(Collected data)
lemma motzkin_recurrence:
  "(of_nat n + 4) * motzkin (n+2) = (2 * of_nat n + 5) * motzkin (n+1) + 3 * (of_nat n + 1) * motzkin n"
proof -
  have "(\<Sum>k=0..n+2. -3 * of_nat (n+1) * motzkin_summand n k
          - (2 * of_nat n + 5) * motzkin_summand (n+1) k + (of_nat n + 4) * motzkin_summand (n+2) k)
      = (\<Sum>k=0..n+2. motzkin_cert n (Suc k) - motzkin_cert n k)"
    using motzkin_summand_telescope by simp
  also have "\<dots> = 0"
    by (subst sum_Suc_diff) (simp_all add: motzkin_cert_def inv_fact_diff_def)
  moreover have "motzkin n = (\<Sum>k=0..n+2. motzkin_summand n k)"
      "motzkin (n+1) = (\<Sum>k=0..n+2. motzkin_summand (n+1) k)"
      "motzkin (n+2) = (\<Sum>k=0..n+2. motzkin_summand (n+2) k)"
    by (intro motzkin_eq_sum_summand; simp)+
  ultimately have "-3 * of_nat (n+1) * motzkin n - (2 * of_nat n + 5) * motzkin (n+1)
      + (of_nat n + 4) * motzkin (n+2) = 0"
    by (simp only: sum.distrib sum_subtractf sum_distrib_left)
  then show ?thesis by (simp add: algebra_simps)
qed

lemma motzkin_Suc_Suc:
  "motzkin (n+2) = ((2 * of_nat n + 5) * motzkin (n+1) + 3 * (of_nat n + 1) * motzkin n) / (of_nat n + 4)"
  using motzkin_recurrence[of n] by (simp add: field_simps of_nat_add_pos_nonzero)

subsection \<open>The left-hand side\<close>

definition motzkin_sq_sum :: "nat \<Rightarrow> rat" where
  "motzkin_sq_sum n = (\<Sum>k = 1..n. (2 * of_nat k + 1) * (motzkin k)^2)"
(* Let $p_0=\mathcal{N}(\mu_0,\sigma^2)$ and $p_1=\mathcal{N}(\mu_1,\sigma^2)$ on the metric space $(\mathbb{R},|\cdot|)$ with $\mu_0<\mu_1$. Consider binary classification with labels $0,1$ equally likely, given $y=i$ the input $x\sim p_i$, classifiers indexed by closed sets $A\subseteq\mathbb{R}$ (output $1$ on $A$, $0$ on $A^c$), $0$-$1$ loss, and adversarial risk of $A$ given by $\mathbb{E}_{(x,y)}\big[\sup_{|x'-x|\le\epsilon}\mathbf{1}\{\mathbf{1}\{x'\in A\}\neq y\}\big]$; the optimal robust risk is the infimum of this over closed $A$. Then: (1) If $\epsilon\ge\frac{|\mu_0-\mu_1|}{2}$, the optimal robust risk is $1/2$, and a constant classifier achieves it. (2) If $\epsilon<\frac{|\mu_0-\mu_1|}{2}$, the set $A=\big[\frac{\mu_0+\mu_1}{2},+\infty\big)$ gives an optimal robust classifier, and the optimal robust risk equals $Q\!\left(\frac{\frac{\mu_1-\mu_0}{2}-\epsilon}{\sigma}\right)$.
   Context: $Q(x)=1-\Phi(x)$, where $\Phi$ is the cdf of the standard normal distribution. *)

theory Defs
  imports "HOL-Probability.Probability"
begin

definition gauss :: "real \<Rightarrow> real \<Rightarrow> real measure" where
  "gauss mu sd = density lborel (normal_density mu sd)"

definition Phi :: "real \<Rightarrow> real" where
  "Phi x = measure (gauss 0 1) {..x}"

definition Qfun :: "real \<Rightarrow> real" where
  "Qfun x = 1 - Phi x"

definition loss01 :: "real set \<Rightarrow> real \<Rightarrow> nat \<Rightarrow> real" where
  "loss01 A x' y = (if (if x' \<in> A then (1::nat) else 0) \<noteq> y then 1 else 0)"

definition adv_risk :: "real \<Rightarrow> real \<Rightarrow> real \<Rightarrow> real \<Rightarrow> real set \<Rightarrow> real" where
  "adv_risk mu0 mu1 sd eps A =
     (1/2) * (\<integral>x. (SUP x'\<in>cball x eps. loss01 A x' 0) \<partial>gauss mu0 sd)
   + (1/2) * (\<integral>x. (SUP x'\<in>cball x eps. loss01 A x' 1) \<partial>gauss mu1 sd)"

definition opt_robust_risk :: "real \<Rightarrow> real \<Rightarrow> real \<Rightarrow> real \<Rightarrow> real" where
  "opt_robust_risk mu0 mu1 sd eps = (INF A\<in>{A. closed A}. adv_risk mu0 mu1 sd eps A)"

end

theory Submission
  imports Defs
begin

(*
  If x lies outside the eps-thickening D of A, then x + s/2 lies outside A, so x + s lies in
  the eps-thickening E of the complement of A, for 0 <= s <= 2 eps. After translating by s,
  the complements of D and E are therefore disjoint events for N(mu0, sd^2) and
  N(mu1 - s, sd^2), and their masses add up to at most those of the two half-lines split at
  the midpoint of the means, where the larger of the two densities switches. As the risk of A
  is 1 - (P0(-D) + P1(-E)) / 2, it is at least 1 - Phi((mu1 - mu0 - s) / (2 sd)). Taking
  s = min (2 eps) (mu1 - mu0) gives 1/2, attained by A = {}, resp.
  Q(((mu1 - mu0)/2 - eps) / sd), attained by the half-line from the midpoint.
*)

lemma prob_space_gauss: "sd > 0 \<Longrightarrow> prob_space (gauss mu sd)"
  unfolding gauss_def by (rule prob_space_normal_density)

lemma sets_gauss [simp, measurable_cong]: "sets (gauss mu sd) = sets borel"
  by (simp add: gauss_def)

lemma space_gauss [simp]: "space (gauss mu sd) = UNIV"
  by (simp add: gauss_def)

lemma distr_gauss_affine:
  assumes "sd > 0" "a \<noteq> 0"
  shows "distr (gauss mu sd) lborel (\<lambda>x. b + a * x) = gauss (b + a * mu) (\<bar>a\<bar> * sd)"
proof -
  interpret prob_space "gauss mu sd"
    using assms(1) by (rule prob_space_gauss)
  have "distributed (gauss mu sd) lborel (\<lambda>x. x) (normal_density mu sd)"
    by (simp add: distributed_def distr_id2 gauss_def)
  from normal_density_affine[OF this assms]
  show ?thesis
    by (simp add: distributed_def gauss_def)
qed

lemma measure_gauss_affine_vimage:
  assumes "sd > 0" "a \<noteq> 0" "S \<in> sets borel"
  shows "measure (gauss (b + a * mu) (\<bar>a\<bar> * sd)) S =
    measure (gauss mu sd) ((\<lambda>x. b + a * x) -` S)"
  using assms by (simp flip: distr_gauss_affine add: measure_distr)

lemma measure_gauss_singleton [simp]: "measure (gauss mu sd) {a} = 0"
proof -
  have "AE x in lborel. ennreal (normal_density mu sd x) * indicator {a} x = 0"
    using AE_lborel_singleton[of a] by eventually_elim simp
  then show ?thesis
    by (simp add: gauss_def measure_def emeasure_density nn_integral_0_iff_AE)
qed

lemma measure_gauss_atMost:
  assumes "sd > 0"
  shows "measure (gauss mu sd) {..x} = Phi ((x - mu) / sd)"
proof -
  have "(\<lambda>z. mu + sd * z) -` {..x} = {..(x - mu) / sd}"
    using assms by (auto simp: field_simps)
  then show ?thesis
    using measure_gauss_affine_vimage[where sd=1 and a=sd and b=mu and mu=0 and S="{..x}"] assms
    by (simp add: Phi_def)
qed

lemma measure_gauss_lessThan:
  assumes "sd > 0"
  shows "measure (gauss mu sd) {..<x} = Phi ((x - mu) / sd)"
proof -
  interpret prob_space "gauss mu sd"
    using assms(1) by (rule prob_space_gauss)
  have "measure (gauss mu sd) {..x} = measure (gauss mu sd) {..<x} + measure (gauss mu sd) {x}"
    by (subst finite_measure_Union[symmetric]) (auto intro: arg_cong[where f="measure _"])
  then show ?thesis
    using measure_gauss_atMost[OF assms] by simp
qed

lemma measure_gauss_Compl:
  assumes "sd > 0" "S \<in> sets borel"
  shows "measure (gauss mu sd) (- S) = 1 - measure (gauss mu sd) S"
  using prob_space.prob_compl[OF prob_space_gauss[OF assms(1)], of S mu] assms(2)
  by (simp add: Compl_eq_Diff_UNIV)

lemma measure_gauss_atLeast:
  assumes "sd > 0"
  shows "measure (gauss mu sd) {x..} = 1 - Phi ((x - mu) / sd)"
  using measure_gauss_Compl[OF assms, of "{..<x}" mu] measure_gauss_lessThan[OF assms]
  by simp

lemma Phi_minus: "Phi (- t) = 1 - Phi t"
proof -
  have "Phi (- t) = measure (gauss 0 1) ((\<lambda>x. 0 + -1 * x) -` {..-t})"
    using measure_gauss_affine_vimage[where sd=1 and a="-1" and b=0 and mu=0 and S="{..-t}"]
    by (simp add: Phi_def)
  also have "(\<lambda>x. 0 + -1 * x) -` {..-t} = {t..}"
    by auto
  finally show ?thesis
    using measure_gauss_atLeast[where sd=1 and mu=0 and x=t] by simp
qed

lemma Phi_0: "Phi 0 = 1/2"
  using Phi_minus[of 0] by simp

lemma measure_gauss_eq_integral:
  assumes "sd > 0" "S \<in> sets borel"
  shows "measure (gauss mu sd) S = (\<integral>x. normal_density mu sd x * indicator S x \<partial>lborel)"
proof -
  have "measure (gauss mu sd) S = (\<integral>x. indicator S x \<partial>gauss mu sd)"
    by simp
  also have "\<dots> = (\<integral>x. normal_density mu sd x * indicator S x \<partial>lborel)"
    unfolding gauss_def using assms by (subst integral_density) auto
  finally show ?thesis .
qed
lemma uniform_measure_eq_density_real:
  assumes "0 < measure M C"
  shows "uniform_measure M C = density M (\<lambda>x. ennreal (indicator C x / measure M C))"
proof -
  have C: "C \<in> sets M" using assms measure_notin_sets by force
  have "emeasure M C \<noteq> top" using assms measure_zero_top by force
  then have em: "emeasure M C = ennreal (measure M C)" by (rule emeasure_eq_ennreal_measure)
  show ?thesis
    unfolding uniform_measure_def
  proof (rule density_cong)
    show "(\<lambda>x. indicator C x / emeasure M C) \<in> borel_measurable M" using C by measurable
    show "(\<lambda>x. ennreal (indicator C x / measure M C)) \<in> borel_measurable M" using C by measurable
    show "AE x in M. indicator C x / emeasure M C = ennreal (indicator C x / measure M C)"
      using assms by (auto simp: em indicator_def divide_ennreal[symmetric])
  qed
qed

lemma
  fixes g :: "'a \<Rightarrow> real"
  assumes C: "0 < measure M C" and g: "g \<in> borel_measurable M"
  shows integral_uniform_measure:
      "(\<integral>x. g x \<partial>uniform_measure M C) = (\<integral>x. indicator C x * g x \<partial>M) / measure M C"
    and integrable_uniform_measure:
      "integrable M g \<Longrightarrow> integrable (uniform_measure M C) g"
proof -
  have C_sets: "C \<in> sets M" using C measure_notin_sets by force
  then have dens: "(\<lambda>x. indicator C x / measure M C) \<in> borel_measurable M" by measurable
  have "(\<integral>x. g x \<partial>uniform_measure M C) = (\<integral>x. (indicator C x / measure M C) *\<^sub>R g x \<partial>M)"
    unfolding uniform_measure_eq_density_real[OF C] using C by (intro integral_density g dens) auto
  also have "\<dots> = (\<integral>x. indicator C x * g x / measure M C \<partial>M)" by simp
  finally show "(\<integral>x. g x \<partial>uniform_measure M C) = (\<integral>x. indicator C x * g x \<partial>M) / measure M C"
    by simp
  show "integrable (uniform_measure M C) g" if "integrable M g"
  proof -
    have "integrable M (\<lambda>x. indicator C x *\<^sub>R g x / measure M C)"
      using C_sets that by (intro integrable_divide_zero integrable_mult_indicator)
    then show ?thesis
      unfolding uniform_measure_eq_density_real[OF C] using C
      by (subst integrable_density[OF g dens]) auto
  qed
qed
(* Let $n\ge r\ge2$ be integers and $H$ a noncomplete graph with $\gamma(H)=1$. Then $\gamma_{(1,0,0)}^s(K_n\circ H)=2$, $\gamma_{(1,0,0)}^s(K_{1,n-1}\circ H)=2$, and $\gamma_{(1,0,0)}^s(K_{n,r}\circ H)=3$ if $r=2$ and $=4$ otherwise.
   Context: All graphs are finite and simple; $\gamma(H)$ is the domination number; $K_n$ is the complete graph and $K_{a,b}$ the complete bipartite graph. For a graph $G$, a function $f:V(G)\to\{0,1,2\}$ is a $(1,0,0)$-dominating function if every vertex $v$ with $f(v)=0$ satisfies $\sum_{u\in N(v)}f(u)\ge1$ ($N(v)$ the open neighbourhood). For adjacent $v,u$ with $f(v)=0$, $f(u)>0$, $f_{u\to v}$ is defined by $f_{u\to v}(v)=1$, $f_{u\to v}(u)=f(u)-1$, $f_{u\to v}(x)=f(x)$ otherwise. $f$ is secure if for every $v$ with $f(v)=0$ there is $u\in N(v)$ with $f(u)>0$ such that $f_{u\to v}$ is $(1,0,0)$-dominating. $\gamma_{(1,0,0)}^s(G)$ is the minimum of $\sum_v f(v)$ over secure $(1,0,0)$-dominating functions. The lexicographic product $G\circ H$ has vertex set $V(G)\times V(H)$, with $(u,v)(x,y)$ an edge iff $ux\in E(G)$, or $u=x$ and $vy\in E(H)$. *)

theory Defs
  imports Main
begin

definition sgraph :: "'a set \<Rightarrow> ('a \<Rightarrow> 'a \<Rightarrow> bool) \<Rightarrow> bool" where
  "sgraph V E \<longleftrightarrow> finite V \<and> (\<forall>u v. E u v \<longrightarrow> u \<in> V \<and> v \<in> V)
     \<and> (\<forall>u v. E u v \<longrightarrow> E v u) \<and> (\<forall>u. \<not> E u u)"

definition complete_graph :: "'a set \<Rightarrow> ('a \<Rightarrow> 'a \<Rightarrow> bool) \<Rightarrow> bool" where
  "complete_graph V E \<longleftrightarrow> (\<forall>u\<in>V. \<forall>v\<in>V. u \<noteq> v \<longrightarrow> E u v)"
(* Let $g$ be a function such that for every real $c\geq 1$, every finite graph $G$ with growth $f_G(r)\leq cr$ for all positive integers $r$ has $\operatorname{tw}(G)\leq g(c)$. Then $g(c)\in\Omega(c\log c)$ (as $c\to\infty$).
   Context: $\log$ is the natural logarithm. The growth of a finite graph $G$ is the function $f_G\colon\mathbb{N}\to\mathbb{N}$ where $f_G(r)$ is the maximum of $|V(H)|$ over all subgraphs $H$ of $G$ of radius at most $r$. $\operatorname{tw}(G)$ denotes the treewidth of $G$: the minimum, over tree-decompositions $(B_x: x\in V(T))$ of $G$ (bags indexed by a tree $T$, each edge in some bag, each vertex's bags forming a non-empty subtree), of the maximum bag size minus $1$. *)

theory Defs
  imports Complex_Main "HOL-Library.Landau_Symbols"
begin

text \<open>Finite simple graphs are represented by a vertex set V (of naturals; every finite
graph is isomorphic to one of this form) and an edge set E of 2-element subsets of V.\<close>

definition graph :: "nat set \<Rightarrow> nat set set \<Rightarrow> bool" where
  "graph V E \<longleftrightarrow> finite V \<and> (\<forall>e\<in>E. \<exists>u v. e = {u, v} \<and> u \<in> V \<and> v \<in> V \<and> u \<noteq> v)"

definition walk :: "nat set set \<Rightarrow> nat list \<Rightarrow> bool" where
  "walk E xs \<longleftrightarrow> xs \<noteq> [] \<and> (\<forall>i. Suc i < length xs \<longrightarrow> {xs ! i, xs ! Suc i} \<in> E)"

definition dist_le :: "nat set \<Rightarrow> nat set set \<Rightarrow> nat \<Rightarrow> nat \<Rightarrow> nat \<Rightarrow> bool" where
  "dist_le V E u v k \<longleftrightarrow> (\<exists>xs. walk E xs \<and> set xs \<subseteq> V \<and> hd xs = u \<and> last xs = v \<and> length xs \<le> Suc k)"

definition subgraph :: "nat set \<Rightarrow> nat set set \<Rightarrow> nat set \<Rightarrow> nat set set \<Rightarrow> bool" where
  "subgraph W F V E \<longleftrightarrow> W \<subseteq> V \<and> F \<subseteq> E \<and> (\<forall>e\<in>F. e \<subseteq> W)"

definition radius_le :: "nat set \<Rightarrow> nat set set \<Rightarrow> nat \<Rightarrow> bool" where
  "radius_le W F r \<longleftrightarrow> (\<exists>v\<in>W. \<forall>u\<in>W. dist_le W F v u r)"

■ **REQUIRED WORK**: Word for word, repeat the data from its first line through the line with "- (2 * of_nat n + 5) * motzkin_summand", including both of those lines and no others.

■ **RESPONSE AREA**:
lemma motzkin_recurrence:
  "(of_nat n + 4) * motzkin (n+2) = (2 * of_nat n + 5) * motzkin (n+1) + 3 * (of_nat n + 1) * motzkin n"
proof -
  have "(\<Sum>k=0..n+2. -3 * of_nat (n+1) * motzkin_summand n k
          - (2 * of_nat n + 5) * motzkin_summand (n+1) k + (of_nat n + 4) * motzkin_summand (n+2) k)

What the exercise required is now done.